About this task:
Reply with exactly the lines from the one that contains "t = vector_derivative" through the last line of the records below, and with no other lines.

Supplied data:
(* (Generalized Multidimensional Fractional Noether's Theorem.) Let $n\ge1$, $\Omega_n=(a_1,b_1)\times\dots\times(a_n,b_n)$, and for $i=1,\dots,n$ let $\lambda_i,\mu_i\in\mathbb{R}$, $k_i\in L^1(0,b_i-a_i;\mathbb{R})$, and $K_{P_i},K_{P_i^*},A_{P_i^*},B_{P_i}$ be as in the context. Let $F:\mathbb{R}\times\mathbb{R}^{3n}\times\overline{\Omega}_n\to\mathbb{R}$ be of class $C^1$ and $(\star_y)(t)=(y(t),\nabla_{K_P}[y](t),\nabla[y](t),\nabla_{B_P}[y](t),t)$. Let $\phi:[-\varepsilon,\varepsilon]\times\overline{\Omega}_n\times\mathbb{R}\to\mathbb{R}$ be of class $C^2$ with $\phi(0,t,x)=x$, $\xi(t,x)=\frac{\partial\phi}{\partial\theta}(0,t,x)$ and $\hat y(t)=\phi(\theta,t,y(t))$. Suppose $F$ is invariant: $t\mapsto\xi(t,y(t))\in C^1(\overline{\Omega}_n;\mathbb{R})$ with $K_{P_i}[\xi(\cdot,y(\cdot))],B_{P_i}[\xi(\cdot,y(\cdot))]\in C(\overline{\Omega}_n;\mathbb{R})$, and $F(\star_y)(t)=F(\star_{\hat y})(t)$ for all $\theta\in[-\varepsilon,\varepsilon]$ and all $y\in C^1(\overline{\Omega}_n;\mathbb{R})$ with $K_{P_i}[y],B_{P_i}[y]\in C(\overline{\Omega}_n;\mathbb{R})$, $i=1,\dots,n$. Then for every generalized fractional extremal $y$ and $t\in\Omega_n$, $$\sum_{i=1}^n\Big(\mathbf{I}_i\big[\xi(\cdot,y(\cdot)),\partial_{1+i}F(\star_y)\big](t)+\frac{\partial}{\partial t_i}\big(\xi(t,y(t))\,\partial_{1+n+i}F(\star_y)(t)\big)+\mathbf{D}_i\big[\xi(\cdot,y(\cdot)),\partial_{1+2n+i}F(\star_y)\big](t)\Big)=0,$$ where $\mathbf{D}_i[f,g]=f\cdot A_{P_i^*}[g]+g\cdot B_{P_i}[f]$ and $\mathbf{I}_i[f,g]=-f\cdot K_{P_i^*}[g]+g\cdot K_{P_i}[f]$.
   Context: For $i=1,\dots,n$: $K_{P_i}[f](t)=\lambda_i\int_{a_i}^{t_i}k_i(t_i-\tau)f(t_1,..,\tau,..,t_n)d\tau+\mu_i\int_{t_i}^{b_i}k_i(\tau-t_i)f(t_1,..,\tau,..,t_n)d\tau$ ($\tau$ in the $i$-th slot); $K_{P_i^*}$ is the same with $\lambda_i,\mu_i$ interchanged; $A_{P_i^*}=\frac{\partial}{\partial t_i}\circ K_{P_i^*}$; $B_{P_i}=K_{P_i}\circ\frac{\partial}{\partial t_i}$; $\nabla_{K_P}[y]=(K_{P_1}[y],..,K_{P_n}[y])$, $\nabla_{B_P}[y]=(B_{P_1}[y],..,B_{P_n}[y])$. $F(x_1,x_2,x_3,x_4,t)$ with $x_1\in\mathbb{R}$, $x_2,x_3,x_4\in\mathbb{R}^n$; $\partial_jF$ is the partial derivative in the $j$-th scalar argument. A generalized fractional extremal is $y\in C^1(\overline{\Omega}_n;\mathbb{R})$ with $K_{P_i}[y],B_{P_i}[y]\in C(\overline{\Omega}_n;\mathbb{R})$ satisfying on $\Omega_n$ the equation $\partial_1F(\star_y)+\sum_{i=1}^n\big(K_{P_i^*}[\partial_{1+i}F(\star_y)]-\frac{\partial}{\partial t_i}\partial_{1+n+i}F(\star_y)-A_{P_i^*}[\partial_{1+2n+i}F(\star_y)]\big)=0$ (with $K_{P_i^*}[\partial_{1+i}F(\star_y)]$ continuous and $\partial_{1+n+i}F(\star_y)$, $K_{P_i^*}[\partial_{1+2n+i}F(\star_y)]$ continuously differentiable on $\overline{\Omega}_n$). *)

theory Defs
  imports "HOL-Analysis.Analysis"
begin

text \<open>Points of the closed box are vectors t :: real^'n; the box is cbox a b,
  its interior (the open box Omega_n) is box a b.\<close>

definition C1_on :: "'a::real_normed_vector set \<Rightarrow> ('a \<Rightarrow> 'b::real_normed_vector) \<Rightarrow> bool" where
  "C1_on S f \<longleftrightarrow> (\<exists>f' :: 'a \<Rightarrow> ('a \<Rightarrow>\<^sub>L 'b).
      (\<forall>x\<in>S. (f has_derivative blinfun_apply (f' x)) (at x within S)) \<and> continuous_on S f')"

definition C2_on :: "'a::real_normed_vector set \<Rightarrow> ('a \<Rightarrow> 'b::real_normed_vector) \<Rightarrow> bool" where
  "C2_on S f \<longleftrightarrow> (\<exists>f' :: 'a \<Rightarrow> ('a \<Rightarrow>\<^sub>L 'b).
      (\<forall>x\<in>S. (f has_derivative blinfun_apply (f' x)) (at x within S)) \<and> C1_on S f')"

definition upd :: "real^'n \<Rightarrow> 'n \<Rightarrow> real \<Rightarrow> real^'n" where
  "upd t i s = (\<chi> j. if j = i then s else t $ j)"

text \<open>Partial derivative in t_i of a function on the closed box (one-sided at the faces).\<close>
definition pd :: "real^'n \<Rightarrow> real^'n \<Rightarrow> 'n \<Rightarrow> (real^'n \<Rightarrow> real) \<Rightarrow> real^'n \<Rightarrow> real" where
  "pd a b i f t = vector_derivative (\<lambda>s. f (upd t i s)) (at (t $ i) within {a $ i .. b $ i})"

definition KP :: "real^'n \<Rightarrow> real^'n \<Rightarrow> 'n \<Rightarrow> real \<Rightarrow> real \<Rightarrow> (real \<Rightarrow> real)
                   \<Rightarrow> (real^'n \<Rightarrow> real) \<Rightarrow> real^'n \<Rightarrow> real" where
  "KP a b i lam mu ki f t =
     lam * integral {a $ i .. t $ i} (\<lambda>\<tau>. ki (t $ i - \<tau>) * f (upd t i \<tau>))
   + mu * integral {t $ i .. b $ i} (\<lambda>\<tau>. ki (\<tau> - t $ i) * f (upd t i \<tau>))"

definition KPs :: "real^'n \<Rightarrow> real^'n \<Rightarrow> 'n \<Rightarrow> real \<Rightarrow> real \<Rightarrow> (real \<Rightarrow> real)
                   \<Rightarrow> (real^'n \<Rightarrow> real) \<Rightarrow> real^'n \<Rightarrow> real" where
  "KPs a b i lam mu ki f = KP a b i mu lam ki f"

Exercise answer:
  "pd a b i f t = vector_derivative (\<lambda>s. f (upd t i s)) (at (t $ i) within {a $ i .. b $ i})"

definition KP :: "real^'n \<Rightarrow> real^'n \<Rightarrow> 'n \<Rightarrow> real \<Rightarrow> real \<Rightarrow> (real \<Rightarrow> real)
                   \<Rightarrow> (real^'n \<Rightarrow> real) \<Rightarrow> real^'n \<Rightarrow> real" where
  "KP a b i lam mu ki f t =
     lam * integral {a $ i .. t $ i} (\<lambda>\<tau>. ki (t $ i - \<tau>) * f (upd t i \<tau>))
   + mu * integral {t $ i .. b $ i} (\<lambda>\<tau>. ki (\<tau> - t $ i) * f (upd t i \<tau>))"

definition KPs :: "real^'n \<Rightarrow> real^'n \<Rightarrow> 'n \<Rightarrow> real \<Rightarrow> real \<Rightarrow> (real \<Rightarrow> real)
                   \<Rightarrow> (real^'n \<Rightarrow> real) \<Rightarrow> real^'n \<Rightarrow> real" where
  "KPs a b i lam mu ki f = KP a b i mu lam ki f"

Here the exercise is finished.